# need some advice on buying DVD recorder



## bwoodin (Feb 11, 2012)

I'm searching online for a DVD recorder that will allow me to offload recorded programs from my Verizon set-top box/DVR. I am only looking for a basic recorder to burn DVDs, don't need VHS or camcorder ability. I am a student and need to have DVDs of recorded programs from a French TV channel I subscribe to. I know this can be done, even though Verizon can't/won't tell me how to do a work-around. Problem is there are so many DVD recorders for sale online I don't know which one will suit my needs, and hope someone can offer some advice on which brands to buy. Also price ranges are anywhere from just below $100 up to $400+ and I'm can't pay big bucks for a simple DVD recorder. Anyone have some advice or suggestions on what brands to purchase?
Thanks.


----------



## JimE (Apr 16, 2009)

Stick with a brand name for support reasons. You will need to choose a model with a video input that matches the output(s) available on the DVR...your inputs will be composite (yellow RCA), S-Video, or component (red/blue/green RCA). Aside from that, it all boils down to any features that you want/need and brand preference.

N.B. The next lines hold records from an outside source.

lemma bounded_nonconvergent_oscillates:
  fixes f :: "real \<Rightarrow> real"
  assumes bounded: "\<forall>\<^sub>F t in at_top. \<bar>f t\<bar> \<le> B" and not_convergent: "\<nexists>L. (f \<longlongrightarrow> L) at_top"
  obtains a b where "a < b" "\<exists>\<^sub>F t in at_top. f t < a" "\<exists>\<^sub>F t in at_top. b < f t"
proof -
  define l where "l = Liminf at_top (\<lambda>t. ereal (f t))"
  define u where "u = Limsup at_top (\<lambda>t. ereal (f t))"
  have "l \<le> u" unfolding l_def u_def by (rule Liminf_le_Limsup) simp
  have "ereal (-B) \<le> l" unfolding l_def le_Liminf_iff
    using bounded by (auto elim!: eventually_mono simp: abs_le_iff intro: less_le_trans)
  moreover have "u \<le> ereal B" unfolding u_def Limsup_le_iff
    using bounded by (auto elim!: eventually_mono simp: abs_le_iff intro: le_less_trans[of _ "ereal B"])
  moreover have "l \<noteq> u"
  proof
    assume "l = u"
    with \<open>ereal (-B) \<le> l\<close> \<open>u \<le> ereal B\<close> obtain L where "l = ereal L" "u = ereal L"
      by (cases l) auto
    then have "((\<lambda>t. ereal (f t)) \<longlongrightarrow> ereal L) at_top"
      by (intro Liminf_eq_Limsup) (auto simp: l_def u_def)
    with not_convergent show False by simp
  qed
  ultimately obtain a b where ab: "l < ereal a" "ereal a < ereal b" "ereal b < u"
    using \<open>l \<le> u\<close> ereal_dense2 by (metis order.not_eq_order_implies_strict)
  have "\<exists>\<^sub>F t in at_top. f t < a"
  proof (rule ccontr)
    assume "\<not> ?thesis"
    then have "\<forall>\<^sub>F t in at_top. ereal a \<le> ereal (f t)" by (simp add: not_frequently not_less)
    then have "ereal a \<le> l"
      unfolding l_def le_Liminf_iff by (auto elim!: eventually_mono intro: less_le_trans)
    with ab show False by simp
  qed
  moreover have "\<exists>\<^sub>F t in at_top. b < f t"
  proof (rule ccontr)
    assume "\<not> ?thesis"
    then have "\<forall>\<^sub>F t in at_top. ereal (f t) \<le> ereal b" by (simp add: not_frequently not_less)
    then have "u \<le> ereal b"
      unfolding u_def Limsup_le_iff by (auto elim!: eventually_mono intro: le_less_trans[of _ "ereal b"])
    with ab show False by simp
  qed
  ultimately show thesis using ab by (intro that) auto
qed

lemma frequently_crosses:
  fixes f :: "real \<Rightarrow> real"
  assumes "continuous_on {0..} f" "a < c" "c < b"
    and "\<exists>\<^sub>F t in at_top. f t < a" "\<exists>\<^sub>F t in at_top. b < f t"
  shows "\<exists>\<^sub>F t in at_top. f t = c"
  unfolding frequently_def eventually_at_top_linorder
proof clarify
  fix T assume no_crossing: "\<forall>t\<ge>T. f t \<noteq> c"
  obtain t1 where t1: "max T 0 \<le> t1" "f t1 < a"
    using assms(4) unfolding frequently_def eventually_at_top_linorder by (metis not_less)
  obtain t2 where t2: "t1 \<le> t2" "b < f t2"
    using assms(5) unfolding frequently_def eventually_at_top_linorder by (metis not_le)
  have "continuous_on {t1..t2} f"
    using assms(1) by (rule continuous_on_subset) (use t1 in auto)
  then obtain t where "t1 \<le> t" "t \<le> t2" "f t = c"
    using IVT'[of f t1 c t2] t1 t2 assms(2,3) by auto
  with no_crossing t1 show False by auto
qed

lemma antitone_if_quadratic_increments:
  fixes F :: "real \<Rightarrow> real"
  assumes increment: "\<And>a b. 0 \<le> a \<Longrightarrow> a \<le> b \<Longrightarrow> F b - F a \<le> C * (b - a)^2"
    and "0 \<le> a" "a \<le> t"
  shows "F t \<le> F a"
proof -
  have subdivided: "F t - F a \<le> C * (t - a)^2 / real n" if "0 < n" for n :: nat
  proof -
    define d where "d = (t - a) / real n"
    define p where "p m = a + real m * d" for m
    have "0 \<le> d" using assms that by (simp add: d_def)
    have "p n = t" "p 0 = a" using that by (simp_all add: p_def d_def)
    then have "F t - F a = (\<Sum>m<n. F (p (Suc m)) - F (p m))"
      using sum_lessThan_telescope[of "\<lambda>m. F (p m)"] by simp
    also have "\<dots> \<le> (\<Sum>m<n. C * d^2)"
    proof (rule sum_mono)
      fix m
      have "0 \<le> p m" "p m \<le> p (Suc m)" "p (Suc m) - p m = d"
        using \<open>0 \<le> d\<close> assms(2) by (simp_all add: p_def algebra_simps)
      then show "F (p (Suc m)) - F (p m) \<le> C * d^2" using increment by metis
    qed
    also have "\<dots> = C * (t - a)^2 / real n"
      using that by (simp add: d_def power2_eq_square)
    finally show ?thesis .
  qed
  have "(\<lambda>n. C * (t - a)^2 / real n) \<longlonglongrightarrow> 0" by (rule lim_const_over_n)
  moreover have "\<forall>\<^sub>F n in sequentially. F t - F a \<le> C * (t - a)^2 / real n"
    using eventually_gt_at_top[of 0] by eventually_elim (rule subdivided)
  ultimately have "F t - F a \<le> 0" by (rule tendsto_lowerbound) simp
  then show ?thesis by simp
qed

lemma set_nn_integral_atLeast_le:
  fixes \<phi> :: "real \<Rightarrow> real"
  assumes nonneg: "\<And>t. T \<le> t \<Longrightarrow> 0 \<le> \<phi> t"
    and integrable: "\<And>t. T \<le> t \<Longrightarrow> set_integrable lebesgue {T..t} \<phi>"
    and bounded: "\<And>t. T \<le> t \<Longrightarrow> integral {T..t} \<phi> \<le> R"
  shows "(\<lambda>t. ennreal (\<phi> t) * indicator {T..} t) \<in> borel_measurable lebesgue"
    and "(\<integral>\<^sup>+t\<in>{T..}. ennreal (\<phi> t) \<partial>lebesgue) \<le> ennreal R"
proof -
  define F where "F n t = ennreal (indicator {T..T + real n} t *\<^sub>R \<phi> t)" for n :: nat and t
  have F_measurable: "F n \<in> borel_measurable lebesgue" for n
    using integrable[of "T + real n"] unfolding F_def[abs_def] set_integrable_def
    by (intro measurable_compose[OF _ measurable_ennreal] borel_measurable_integrable) auto
  have "incseq F"
    by (auto simp: incseq_def le_fun_def F_def indicator_def)
  have SUP_F: "(SUP n. F n t) = ennreal (\<phi> t) * indicator {T..} t" for t
  proof (cases "T \<le> t")
    case True
    obtain n :: nat where "t - T \<le> real n" using real_arch_simple by blast
    then have "F n t = ennreal (\<phi> t)" using True by (simp add: F_def)
    moreover have "F m t \<le> ennreal (\<phi> t)" for m
      using True nonneg[OF True] by (auto simp: F_def indicator_def)
    ultimately have "(SUP n. F n t) = ennreal (\<phi> t)"
      by (metis (mono_tags) SUP_upper UNIV_I antisym SUP_least)
    then show ?thesis using True by simp
  qed (simp add: F_def)
  show "(\<lambda>t. ennreal (\<phi> t) * indicator {T..} t) \<in> borel_measurable lebesgue"
    unfolding SUP_F[symmetric] using F_measurable by measurable
  have "integral\<^sup>N lebesgue (F n) \<le> ennreal R" for n
  proof -
    have "integral\<^sup>N lebesgue (F n) = ennreal (LINT t:{T..T + real n}|lebesgue. \<phi> t)"
      unfolding F_def[abs_def] set_lebesgue_integral_def
      using integrable[of "T + real n"] nonneg
      by (intro nn_integral_eq_integral) (auto simp: set_integrable_def indicator_def)
    also have "\<dots> = ennreal (integral {T..T + real n} \<phi>)"
      using integrable[of "T + real n"] by (simp add: set_lebesgue_integral_eq_integral)
    also have "\<dots> \<le> ennreal R" using bounded[of "T + real n"] by (simp add: ennreal_leI)
    finally show ?thesis .
  qed
  then show "(\<integral>\<^sup>+t\<in>{T..}. ennreal (\<phi> t) \<partial>lebesgue) \<le> ennreal R"
    unfolding SUP_F[symmetric] nn_integral_monotone_convergence_SUP[OF \<open>incseq F\<close> F_measurable]
    by (rule SUP_least)
qed
(* For every $\lambda\in\mathbb{R}$, the real $7$-dimensional Lie algebra $\mathfrak{n}_\lambda$ with basis $e_1,\dots,e_7$ whose nonzero brackets (up to antisymmetry) are $[e_1,e_2]=e_4$, $[e_1,e_3]=e_6$, $[e_1,e_4]=e_5$, $[e_1,e_5]=e_7$, $[e_2,e_3]=\lambda e_5$, $[e_2,e_4]=e_6$, $[e_2,e_6]=e_7$, $[e_3,e_4]=(1-\lambda)e_7$ is an Einstein nilradical.
   Context: A real nilpotent Lie algebra $\mathfrak{n}$ is called an Einstein nilradical if it admits an inner product such that the left-invariant Riemannian metric it defines on the simply connected nilpotent Lie group with Lie algebra $\mathfrak{n}$ is a nilsoliton, i.e. its Ricci operator satisfies $\mathrm{Ric}=c\,\mathrm{Id}+D$ for some $c\in\mathbb{R}$ and some derivation $D$ of $\mathfrak{n}$. Brackets of basis elements not listed are zero. *)

theory Defs
  imports "HOL-Analysis.Analysis"
begin

definition is_lie_bracket :: "('a::real_vector \<Rightarrow> 'a \<Rightarrow> 'a) \<Rightarrow> bool" where
  "is_lie_bracket b \<longleftrightarrow> bilinear b \<and> (\<forall>x. b x x = 0) \<and>
     (\<forall>x y z. b x (b y z) + b y (b z x) + b z (b x y) = 0)"

definition is_nilpotent_bracket :: "('a::real_vector \<Rightarrow> 'a \<Rightarrow> 'a) \<Rightarrow> bool" where
  "is_nilpotent_bracket b \<longleftrightarrow>
     (\<exists>k. \<forall>xs y. length xs = k \<longrightarrow> foldr b xs y = 0)"
(* Let $k$ be a field of characteristic $p>0$, let $d_1,\ldots,d_n$ be positive integers, let $A = k[x_1,\ldots,x_n]/(x_1^{d_1}, \ldots, x_n^{d_n})$ and $t = \sum_{i = 1}^n (d_i-1)$. If $m\ge 0$ is an integer with $\max(p,d_1, \ldots, d_n)>(t+m)/2$, then for each $i\ge 0$ the map $A_i \to A_{i+m}$ given by $f \mapsto f \cdot (x_1 + \dots + x_n)^m$ has maximal rank.
   Context: $A$ is graded by degree, $A=\bigoplus_{i\ge 0}A_i$, with $A_i$ the image of the homogeneous polynomials of degree $i$. A linear map has maximal rank if it is injective or surjective. *)

theory Defs
  imports "HOL-Library.Poly_Mapping" "HOL-Computational_Algebra.Computational_Algebra"
begin

text \<open>Variables x_1..x_n of the paper
  are x_0..x_(n-1) here.\<close>

type_synonym 'k mpoly = "(nat \<Rightarrow>\<^sub>0 nat) \<Rightarrow>\<^sub>0 'k"

definition var :: "nat \<Rightarrow> 'k::comm_ring_1 mpoly" where
  "var j = Poly_Mapping.single (Poly_Mapping.single j 1) 1"

definition mon_deg :: "(nat \<Rightarrow>\<^sub>0 nat) \<Rightarrow> nat" where
  "mon_deg a = sum (Poly_Mapping.lookup a) (Poly_Mapping.keys a)"

definition std_mon :: "(nat \<Rightarrow> nat) \<Rightarrow> nat \<Rightarrow> (nat \<Rightarrow>\<^sub>0 nat) \<Rightarrow> bool" where
  "std_mon d n a \<longleftrightarrow> Poly_Mapping.keys a \<subseteq> {..<n} \<and> (\<forall>j<n. Poly_Mapping.lookup a j < d j)"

You won't be able to stream the content off of the DVR. You will have to connect the video output of the DVR into the video input of the DVD Recorder. You will then play back the program on the DVR and record on the recorder in real time.


----------



## bwoodin (Feb 11, 2012)

Thanks so much - your comments are helping me unravel the mysteries of DVD recordings - looking @Toshiba recorder to purchase fairly soon. Appreciate the advice!


----------